01.05.2006

Grandeur et décadence: Utopie d'un monde réel Chapitre 1 Nouvelle de Thomas Griffet

CHAPITRE I


C'était un soir de Noël comme les autres, j'avais ce sentiment d'être là sans être là; perdu au fin fond de mes rêves, je ne faisais plus attention à ce vacarme encombrant qui m'entourait. Les efforts faits en début de soirée pour paraître sociable et courtois avaient désormais quitté ce corps qui commençait à bouillonner. Je ne supportais plus ces « gens » qui, une fois par an, se donnaient rendez-vous pour un moment d'hypocrisie mondaine. Je ne faisais hélas pas partie de ce monde: hélas, parce que cet univers, régit par le mensonge et la cruauté, baignait inlassablement dans la facilité. Tout devient facile quand on ment, car l'on n'est pas obligé d'assumer sa véritable personnalité; alors, on se range derrière la connerie des autres et on attend que cela se passe. On acquiesce, on rigole, on se donne des tapes dans le dos, on se fait des compliments, et c'est justement la répétition de cette hypocrisie qui fait que l'on oublie sa véritable nature et que l'on devient ce que l'on doit être: une personne comme les autres.
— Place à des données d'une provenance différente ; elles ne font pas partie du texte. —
lemma greedy_seq_exists:
  assumes "wf_model P" "finite (fact_universe P C0)" "within_universe P C0 C"
  shows "\<exists>s D. greedy_seq P C s D"
proof -
  define S where "S = {card (db C' - db C) | s C'. safe_path P C s C'}"
  have "S \<subseteq> {..card (fact_universe P C0)}"
  proof
    fix k assume "k \<in> S"
    then obtain s C' where k: "k = card (db C' - db C)" and sp: "safe_path P C s C'"
      unfolding S_def by blast
    have "db C' - db C \<subseteq> fact_universe P C0"
      using within_universe_safe_path[OF assms(1,3) sp] unfolding within_universe_def by auto
    then have "k \<le> card (fact_universe P C0)" unfolding k by (rule card_mono[OF assms(2)])
    then show "k \<in> {..card (fact_universe P C0)}" by simp
  qed
  then have fin: "finite S" using finite_subset by blast
  have "card (db C - db C) \<in> S" unfolding S_def by (intro CollectI exI[of _ "[]"] exI[of _ C]) auto
  then have "Max S \<in> S" using Max_in[OF fin] by auto
  then obtain s D where sd: "Max S = card (db D - db C)" "safe_path P C s D" unfolding S_def by auto
  have "greedy_seq P C s D" unfolding greedy_seq_def
  proof (intro conjI sd(2) allI impI)
    fix s' C'' assume "safe_path P C s' C''"
    then have "card (db C'' - db C) \<in> S" unfolding S_def by blast
    then show "card (db C'' - db C) \<le> card (db D - db C)" using Max_ge[OF fin] sd(1) by metis
  qed
  then show ?thesis by blast
qed
theorem bd_fixed_points_nonempty_iff_infinite_centralizer:
  assumes "CAT0_space TYPE('a)" "g \<in> carrier G"
  shows "bd_fixed_points (\<phi> g) \<noteq> {} \<longleftrightarrow> infinite (centralizer G g)"
  using assms bd_fixed_points_if_infinite_centralizer infinite_centralizer_if_bd_fixed_points
  by blast

end

theorem corollary2:
  fixes G :: "('g, 'c) monoid_scheme"
    and \<phi> :: "'g \<Rightarrow> 'a::metric_space \<Rightarrow> 'a"
    and \<psi> :: "'g \<Rightarrow> 'b::metric_space \<Rightarrow> 'b"
  assumes "group G"
    and "CAT0_space TYPE('a)" and "proper_metric_space TYPE('a)"
    and "CAT0_space TYPE('b)" and "proper_metric_space TYPE('b)"
    and "geometric_action G \<phi>" and "geometric_action G \<psi>"
    and "g \<in> carrier G"
  shows "bd_fixed_points (\<phi> g) \<noteq> {} \<longleftrightarrow> bd_fixed_points (\<psi> g) \<noteq> {}"
proof -
  interpret X: geometric_group_action G \<phi> using assms(6,3) by unfold_locales
  interpret Y: geometric_group_action G \<psi> using assms(7,5) by unfold_locales
  show ?thesis
    using X.bd_fixed_points_nonempty_iff_infinite_centralizer[OF assms(2,8)]
      Y.bd_fixed_points_nonempty_iff_infinite_centralizer[OF assms(4,8)] by simp
qed

end
definition double_category :: "('o, 't, 'l, 'c, 'z) dbl_scheme \<Rightarrow> bool" where
  "double_category A \<longleftrightarrow>
     category (tdom A) (tcod A) (tcomp A) (tid A) \<and>
     category (cleft A) (cright A) (ccomp A) (cid A) \<and>
     is_functor (cleft A) (cright A) (ccomp A) (cid A) (tdom A) (tcod A) (tcomp A) (tid A) (lsrc A) (ctop A) \<and>
     is_functor (cleft A) (cright A) (ccomp A) (cid A) (tdom A) (tcod A) (tcomp A) (tid A) (ltgt A) (cbot A) \<and>
     (\<forall>\<alpha> \<beta>. ltgt A \<alpha> = lsrc A \<beta> \<longrightarrow>
        lsrc A (lcomp A \<beta> \<alpha>) = lsrc A \<alpha> \<and> ltgt A (lcomp A \<beta> \<alpha>) = ltgt A \<beta>) \<and>
     (\<forall>X. lsrc A (lid A X) = X \<and> ltgt A (lid A X) = X) \<and>
     (\<forall>c d. ctop A d = cbot A c \<longrightarrow>
        cleft A (chcomp A d c) = lcomp A (cleft A d) (cleft A c) \<and>
        cright A (chcomp A d c) = lcomp A (cright A d) (cright A c) \<and>
        ctop A (chcomp A d c) = ctop A c \<and> cbot A (chcomp A d c) = cbot A d) \<and>
     (\<forall>f. cleft A (chid A f) = lid A (tdom A f) \<and> cright A (chid A f) = lid A (tcod A f) \<and>
        ctop A (chid A f) = f \<and> cbot A (chid A f) = f) \<and>
     (\<forall>c c' d d'. cright A c = cleft A c' \<and> cright A d = cleft A d' \<and>
        ctop A d = cbot A c \<and> ctop A d' = cbot A c' \<longrightarrow>
        chcomp A (ccomp A d' d) (ccomp A c' c) = ccomp A (chcomp A d' c') (chcomp A d c)) \<and>
     (\<forall>\<alpha> \<beta>. ltgt A \<alpha> = lsrc A \<beta> \<longrightarrow> chcomp A (cid A \<beta>) (cid A \<alpha>) = cid A (lcomp A \<beta> \<alpha>)) \<and>
     (\<forall>f g. tcod A f = tdom A g \<longrightarrow> chid A (tcomp A g f) = ccomp A (chid A g) (chid A f)) \<and>
     (\<forall>X. chid A (tid A X) = cid A (lid A X)) \<and>
     (\<forall>\<alpha> \<beta> \<gamma>. ltgt A \<alpha> = lsrc A \<beta> \<and> ltgt A \<beta> = lsrc A \<gamma> \<longrightarrow>
        lcomp A \<gamma> (lcomp A \<beta> \<alpha>) = lcomp A (lcomp A \<gamma> \<beta>) \<alpha>) \<and>
     (\<forall>c d e. ctop A d = cbot A c \<and> ctop A e = cbot A d \<longrightarrow>
        chcomp A e (chcomp A d c) = chcomp A (chcomp A e d) c) \<and>
     (\<forall>\<alpha>. lcomp A (lid A (ltgt A \<alpha>)) \<alpha> = \<alpha> \<and> lcomp A \<alpha> (lid A (lsrc A \<alpha>)) = \<alpha>) \<and>
     (\<forall>c. chcomp A (chid A (cbot A c)) c = c \<and> chcomp A c (chid A (ctop A c)) = c)"
text \<open>A threshold classifier with threshold \<open>t\<close> decides only where \<open>\<eta> \<notin> (1 - t, t)\<close>, and there
  it picks the larger of \<open>p\<^sub>1 f\<^sub>1\<close>, \<open>p\<^sub>2 f\<^sub>2\<close>; the minority weight is then at most \<open>1 - t\<close> times the
  total weight, so the conditional error is at most \<open>1 - t\<close> and \<open>0 \<le> R(\<gamma>) \<le> 1 - \<tau>\<^sub>\<gamma>\<close>.
  Conversely, the indecision region lies a.s. where \<open>min(\<eta>, 1 - \<eta>) \<ge> 1 - \<tau>\<^sub>\<gamma>\<close>. If \<open>\<tau>\<^sub>\<gamma> \<le> a < 1\<close>,
  it therefore misses the event \<open>min(\<eta>, 1 - \<eta>) \<le> (1 - a)/2\<close>, whose probability \<open>\<delta>\<close> is positive
  by hypothesis, and \<open>\<gamma> \<le> 1 - \<delta>\<close>. Hence \<open>\<tau>\<^sub>\<gamma> \<rightarrow> 1\<close>, and \<open>R(\<gamma>) \<rightarrow> 0\<close> by the sandwich.\<close>


lemma minority_weight_le:
  fixes a b t :: real
  assumes "0 \<le> b" "b \<le> a" "1/2 \<le> t" "\<not> (1 - t < a / (a + b) \<and> a / (a + b) < t)"
  shows "b \<le> (1 - t) * (a + b)"
proof (cases "a + b = 0")
  case True
  then show ?thesis using assms by simp
next
  case False
  then have pos: "0 < a + b" using assms by linarith
  have "1/2 \<le> a / (a + b)" using pos assms by (simp add: field_simps)
  then have "t \<le> a / (a + b)" using assms by linarith
  then have "t * (a + b) \<le> a" using pos by (simp add: field_simps)
  then show ?thesis by (simp add: algebra_simps)
qed

locale indecision_model =
  fixes M :: "'a measure" and f1 f2 :: "'a \<Rightarrow> real" and p1 p2 :: real
  assumes sigma_finite_M: "sigma_finite_measure M"
    and f1_measurable[measurable]: "f1 \<in> borel_measurable M"
    and f2_measurable[measurable]: "f2 \<in> borel_measurable M"
    and f1_nonneg: "\<And>x. 0 \<le> f1 x" and f2_nonneg: "\<And>x. 0 \<le> f2 x"
    and f1_normalized: "(\<integral>\<^sup>+ x. ennreal (f1 x) \<partial>M) = 1"
    and f2_normalized: "(\<integral>\<^sup>+ x. ennreal (f2 x) \<partial>M) = 1"
    and p1_pos: "0 < p1" and p2_pos: "0 < p2" and p1_p2_sum: "p1 + p2 = 1"
begin
lemma pi_preimage_pm_one_subset_imp_eq:
  assumes "2 \<le> s" "2 \<le> t"
    and subset: "pi_preimage (t + 1) {1, 2 ^ t - 1} \<subseteq> pi_preimage (s + 1) {1, 2 ^ s - 1}"
  shows "s = t"
proof -
  have "2 ^ t - 1 \<in> pi_preimage (t + 1) {1, 2 ^ t - 1}"
    using assms(2) by (intro two_pow_minus_one_mem_pi_preimage_pm_one) simp
  with subset have "2 ^ t - 1 \<in> pi_preimage (s + 1) {1, 2 ^ s - 1}"
    by blast
  then have "(2::nat) ^ min (s + 1) t - 1 \<in> {1, 2 ^ s - 1}"
    by (simp only: mem_pi_preimage_iff two_pow_minus_one_mod)
  moreover have "(2::nat) ^ k - 1 + 1 = 2 ^ k" for k
    by simp
  ultimately have "(2::nat) ^ min (s + 1) t = 2 ^ 1 \<or> (2::nat) ^ min (s + 1) t = 2 ^ s"
    by (metis insertE one_add_one power_one_right singletonD)
  then have "min (s + 1) t = 1 \<or> min (s + 1) t = s"
    by (simp only: power_inject_exp)
  with assms(1,2) show "s = t"
    by linarith
qed

lemma pi_preimage_one_subset_calX2_iff:
  assumes "2 \<le> t" "Y \<in> calX2" "pi_preimage t {1} \<noteq> Y"
  shows "pi_preimage t {1} \<subseteq> Y \<longleftrightarrow> iX Y < iX (pi_preimage t {1})"
proof -
  have iX_less_iff: "(2::nat) ^ (s - 1) < 2 ^ (t - 1) \<longleftrightarrow> s < t" if "2 \<le> s" for s
    using that assms(1) by auto
  from assms(2) show ?thesis
  proof (cases rule: calX2_cases)
    case (one_mod_four s)
    have "s \<noteq> t"
      using assms(3) one_mod_four(2) by blast
    have "pi_preimage t {1} \<subseteq> Y \<longleftrightarrow> s \<le> t"
      unfolding one_mod_four(2) using one_mod_four(1) assms(1)
      by (intro pi_preimage_one_subset_iff) simp_all
    moreover have "iX Y < iX (pi_preimage t {1}) \<longleftrightarrow> s < t"
      unfolding one_mod_four(2) iX_pi_preimage_one[OF one_mod_four(1)] iX_pi_preimage_one[OF assms(1)]
      using one_mod_four(1) by (rule iX_less_iff)
    ultimately show ?thesis
      using \<open>s \<noteq> t\<close> by auto
  next
    case (three_mod_four s)
    have "pi_preimage t {1} \<subseteq> Y \<longleftrightarrow> s < t"
      unfolding three_mod_four(2) using three_mod_four(1) assms(1)
      by (intro pi_preimage_one_subset_pm_one_iff) simp_all
    moreover have "iX Y < iX (pi_preimage t {1}) \<longleftrightarrow> s < t"
      unfolding three_mod_four(2) iX_pi_preimage_pm_one[OF three_mod_four(1)] iX_pi_preimage_one[OF assms(1)]
      using three_mod_four(1) by (rule iX_less_iff)
    ultimately show ?thesis
      by simp
  qed
qed

lemma pi_preimage_pm_one_not_subset_calX2:
  assumes "2 \<le> t" "Y \<in> calX2" "pi_preimage (t + 1) {1, 2 ^ t - 1} \<noteq> Y"
  shows "\<not> pi_preimage (t + 1) {1, 2 ^ t - 1} \<subseteq> Y"
  using assms(2)
proof (cases rule: calX2_cases)
  case (one_mod_four s)
  then show ?thesis
    using assms(1) pi_preimage_pm_one_not_subset_one_mod_four pi_preimage_one_subset_one_mod_four
    by blast
next
  case (three_mod_four s)
  then show ?thesis
    using assms pi_preimage_pm_one_subset_imp_eq by blast
qed

theorem lemma4p8:
  assumes "X \<in> calX2" and "Y \<in> calX2" and "X \<noteq> Y"
  shows "X \<subset> Y \<longleftrightarrow> (X \<subseteq> {1 + 4 * k | k::nat. True} \<and> iX Y < iX X)"
  using assms(1)
proof (cases rule: calX2_cases)
  case (one_mod_four t)
  then have "X \<subseteq> {1 + 4 * k | k::nat. True}" "X \<subseteq> Y \<longleftrightarrow> iX Y < iX X"
    using assms(2,3) pi_preimage_one_subset_one_mod_four pi_preimage_one_subset_calX2_iff by simp_all
  with assms(3) show ?thesis
    by blast
next
  case (three_mod_four t)
  then have "\<not> X \<subseteq> {1 + 4 * k | k::nat. True}" "\<not> X \<subseteq> Y"
    using assms(2,3) pi_preimage_pm_one_not_subset_one_mod_four pi_preimage_pm_one_not_subset_calX2
    by simp_all
  then show ?thesis
    by blast
qed

end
Encore une année qui passait, et nous on se repassait nos souvenirs sans se soucier du futur, qu'on rangeait dans un placard et qu'on essayait d'oublier comme une petite cuillère de yogourt que l'on a mise en dessous de son lit et que l'on a pas eu le courage de descendre dans le lave-vaisselle. La vie, c'est comme une chemise en soie, ça se froisse facilement; pour être heureux, il faut éviter les plis, et on a tellement peur de l'user, qu'on ne la met jamais...voilà l'erreur: un jour, il est trop tard et l'on en a même pas profité. Alors, on se donne de bonnes résolutions, que l'on oublie aussi très vite, parce que la nouvelle année, au bout d'une semaine, elle nous sort de la tête et le train-train quotidien reprend le dessus.

J'avais décidé d'éviter soigneusement cette soirée et de descendre le plus souvent possible dans le garage, afin de fumer quelques pétards. Ainsi, cette fumée épaisse mais si apaisante se propageait en mon corps fébrile, pour me fertiliser l'esprit d'une haine indescriptible mais si douce, comme l’inconscient qui bouleverse le conscient, hélas si conscient, comme un ouragan qui détruit tout sur son passage, comme un coup de tête qui te brise en 1000 morceaux. Ils étaient la source de la réalité de mon imagination, et ils remplaçaient désormais ce sang bafoué par l'hypocrisie et la superficialité, pour me nourrir de la haine d'un révolté.